Daddy hired many young men and trained them. He treated them all as family. Daddy developed macular degenerative disease in his last years and was legally blind. For a while he continued to work and had Mama drive him to the job site. She would then either stay with him or one of the guys working for him would be there. Eventually his eyesight got so bad he couldn’t continue to do this. He always worried about what would happen to the people with no money in his town. He said the other plumbers would not work without charging them.

Without doubt some of the people my parents helped did not deserve it. And certainly they helped people that did not work as hard as they did. But they never worried about that. If someone was drowning, they did not say “well, you should have taken swimming lessons when you had the chance” or “you should have built a bridge over this water when you had some extra money instead of spending it foolishly”. They just reached out a hand and pulled them in.

I have seen my siblings and my children and nieces and nephews do the same. I know that Mama and Daddy would be proud of us. I am saddened to see so many people, even doctors who take an oath to help, complain about helping others. They only want to help people they consider deserving of help. But my parents taught us it was not up to us to judge who was worthy. It was only to judge who was in need.

Sunday, October 24, 2010

Donuts and Army Tanks


When I was a little girl my Papa would sometimes take me to work with him on Saturday. Sometimes he took me and my brother David and sometimes he took each of us by ourselves. Papa had been a farmer most of his life, but that was before I knew him. We lived in a duplex house on Orange Street in Monroe, Louisiana with Papa and Mamow living on one side and us living on the other. When you are one of seven children, you rarely get any special treatment; you tend to get lost in the crowd! So these trips to work with Papa were a treat.

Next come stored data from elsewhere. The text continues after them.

lemma complex_tangent_eq_kernel:
  fixes L :: "complex ^ 'n \<Rightarrow> real"
  assumes T: "tangent_space M y = {v. L v = 0}" and L: "linear L"
  shows "complex_tangent M y = {v. cpair (complex_coeffs L) v = 0}"
proof (intro set_eqI)
  fix v :: "complex ^ 'n"
  have Jmul_Jmul: "Jmul (Jmul w) = - w" for w :: "complex ^ 'n"
    by (simp add: Jmul_def vec_eq_iff)
  have "v \<in> Jmul ` tangent_space M y \<longleftrightarrow> L (Jmul v) = 0"
  proof
    assume "v \<in> Jmul ` tangent_space M y"
    then obtain w where "L w = 0" "v = Jmul w"
      using T by blast
    then show "L (Jmul v) = 0"
      using L by (simp add: Jmul_Jmul linear_neg)
  next
    assume "L (Jmul v) = 0"
    then have "- Jmul v \<in> tangent_space M y"
      using T L by (simp add: linear_neg)
    moreover have "v = Jmul (- Jmul v)"
      by (simp add: Jmul_def vec_eq_iff)
    ultimately show "v \<in> Jmul ` tangent_space M y"
      by blast
  qed
  then have "v \<in> complex_tangent M y \<longleftrightarrow> L v = 0 \<and> L (Jmul v) = 0"
    using T by (simp add: complex_tangent_def)
  also have "\<dots> \<longleftrightarrow> cpair (complex_coeffs L) v = 0"
    using linear_eq_Re_cpair[OF L, of v] linear_eq_Re_cpair[OF L, of "Jmul v"]
    by (simp add: cpair_Jmul complex_eq_iff)
  finally show "v \<in> complex_tangent M y \<longleftrightarrow> v \<in> {v. cpair (complex_coeffs L) v = 0}"
    by simp
qed

lemma bounded_linear_axis: "bounded_linear (\<lambda>z::'a::real_normed_vector. axis j z :: 'a ^ 'n)"
proof (rule bounded_linear_intro[where K=1])
  fix z :: 'a
  have "(\<Sum>i\<in>UNIV. (norm ((axis j z :: 'a ^ 'n) $ i))\<^sup>2) = (\<Sum>i\<in>UNIV. if i = j then (norm z)\<^sup>2 else 0)"
    by (rule sum.cong) (auto simp: axis_def)
  then show "norm (axis j z :: 'a ^ 'n) \<le> norm z * 1"
    by (simp add: norm_vec_def L2_set_def)
qed (auto simp: vec_eq_iff axis_def)

lemma has_derivative_vec_lambda:
  fixes f :: "'n::finite \<Rightarrow> 'a::real_normed_vector \<Rightarrow> 'b::real_normed_vector"
  assumes "\<And>j. (f j has_derivative f' j) F"
  shows "((\<lambda>x. \<chi> j. f j x) has_derivative (\<lambda>h. \<chi> j. f' j h)) F"
proof -
  have "(\<lambda>x. \<chi> j. f j x) = (\<lambda>x. \<Sum>j\<in>UNIV. axis j (f j x))"
    and "(\<lambda>h. \<chi> j. f' j h) = (\<lambda>h. \<Sum>j\<in>UNIV. axis j (f' j h))"
    by (simp_all add: fun_eq_iff vec_eq_iff axis_def sum_component if_distrib cong: if_cong)
  then show ?thesis
    by (simp only:) (intro has_derivative_sum bounded_linear.has_derivative[OF bounded_linear_axis] assms)
qed

lemma has_derivative_complex_coeffs:
  fixes f :: "'a::real_normed_vector \<Rightarrow> ((complex ^ 'n) \<Rightarrow>\<^sub>L real)"
  assumes "(f has_derivative f') F"
  shows "((\<lambda>z. complex_coeffs (f z)) has_derivative (\<lambda>h. complex_coeffs (f' h))) F"
proof -
  have "((\<lambda>z. f z b) has_derivative (\<lambda>h. f' h b)) F" for b
    using bounded_linear.has_derivative[OF blinfun.bounded_linear_left assms] .
  then show ?thesis
    unfolding complex_coeffs_def
    by (intro has_derivative_vec_lambda has_derivative_diff has_derivative_mult_right
        bounded_linear.has_derivative[OF bounded_linear_of_real])
qed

My Papa was one of the crankiest people I have ever known. He had a terrible temper and verbal fisticuffs between him and my mom, his daughter, were not a rare occurrence. But he thought I was special. Every evening after supper, I would go to my grandparent’s side of the duplex to watch television. None of my siblings ever went; I was the only one.  I had a big chair there that I would sprawl out in with my feet hanging over the arm and listen to Ed Sullivan talk to Topo Gigio, the little Italian mouse, or follow Dorothy as she made her way to Oz. I was fascinated by a house that had places not taken up by people and felt I had room to breathe there. Our big family took up all the room and sucked up all the air on our side of the little house. 

After Papa gave up on farming he worked part-time as a custodian at the National Guard building in our town. This is where he would take me on Saturdays. We would ride the bus to town. I was a little scared of the whole bus process. I knew that I would never be able to navigate my way anywhere on the bus without Papa. He knew all the mysterious workings of what bus to get on and when to get off it. Papa held my hand and I felt safe with him. Our town was not that big and when we were older we sometimes walked downtown from our house. But I was about 5 years old then and our town could have been the size of New York City for all I knew! Not that I had ever heard of New York City at that point in my life.

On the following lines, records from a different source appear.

(* Let $n,d$ be integers, $0<\alpha<1$, and $d_1=\lceil 1000\log n/\alpha^2\rceil$. Then $T(n,d,\alpha)\le T(n,d_1,\alpha/2)$, where $T(n,d,\alpha)$ denotes the VC dimension of the $(1+\alpha)$-separate contrastive learning problem for $\ell_2$-distances in dimension $d$ on a dataset of size $n$.
   Context: $V$ is a finite set with $|V|=n$. A query is a triple $(u,v,w)$ of elements of $V$, labeled either $(u,v^+,w^-)$ or $(u,w^+,v^-)$. In the $(1+\alpha)$-separate problem for $\ell_2$ in dimension $d$, an embedding $f:V\to\mathbb R^d$ satisfies the labeled query $(u,v^+,w^-)$ if $(1+\alpha)\|f(u)-f(v)\|_2<\|f(u)-f(w)\|_2$ (symmetrically for $(u,w^+,v^-)$). A set $Q$ of queries is shattered if for every labeling of $Q$ there exists $f:V\to\mathbb R^d$ satisfying all labeled queries; $T(n,d,\alpha)$ is the maximum size of a shattered set. *)

theory Defs
  imports Complex_Main
begin

text \<open>Euclidean (l2) distance in R^d, points represented as functions nat => real
  of which only the coordinates i < d are relevant.\<close>
definition l2dist :: "nat \<Rightarrow> (nat \<Rightarrow> real) \<Rightarrow> (nat \<Rightarrow> real) \<Rightarrow> real" where
  "l2dist d x y = sqrt (\<Sum>i<d. (x i - y i)^2)"

text \<open>A query is a triple (u,v,w). A label b = True means (u, v^+, w^-),
  b = False means (u, w^+, v^-).\<close>
definition satisfies :: "nat \<Rightarrow> real \<Rightarrow> ('a \<Rightarrow> nat \<Rightarrow> real) \<Rightarrow> 'a \<times> 'a \<times> 'a \<Rightarrow> bool \<Rightarrow> bool" where
  "satisfies d \<alpha> f q b = (case q of (u, v, w) \<Rightarrow>
     (if b then (1 + \<alpha>) * l2dist d (f u) (f v) < l2dist d (f u) (f w)
           else (1 + \<alpha>) * l2dist d (f u) (f w) < l2dist d (f u) (f v)))"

The National Guard building both fascinated and scared me. It hung precariously on the crumbling edge of the riverbank beside the Ouachita River. Carefully and slowly, I crept up to the huge windows with many panes that opened on the river side.  I felt that one wrong move would send me and the whole building into the river. Peeking over the window edge I could see the tangle of vines and plants that grew on the riverbank just below the windows. While Papa swept the floors with the gigantic push broom, David and I wandered the floor and watched the river flow by. Once Papa finished his work we knew we were in for a special treat; the main attraction of the building and the reason we wanted to go! There was a real live army tank on one floor and we were allowed to climb on it and look inside!

Once we had used the tank to defeat our enemies, we headed down to the first floor offices. Papa would open the door to the street and visit with people walking by. A ceiling fan turned slowly overhead as we sat in the desk chairs and explored the desk drawers. The offices had gigantic desks with soft rubber desktops, all darkened with age. There was a wonderful smell of old furniture, equipment, oil, and a general mustiness to the room. I can close my eyes and still smell it.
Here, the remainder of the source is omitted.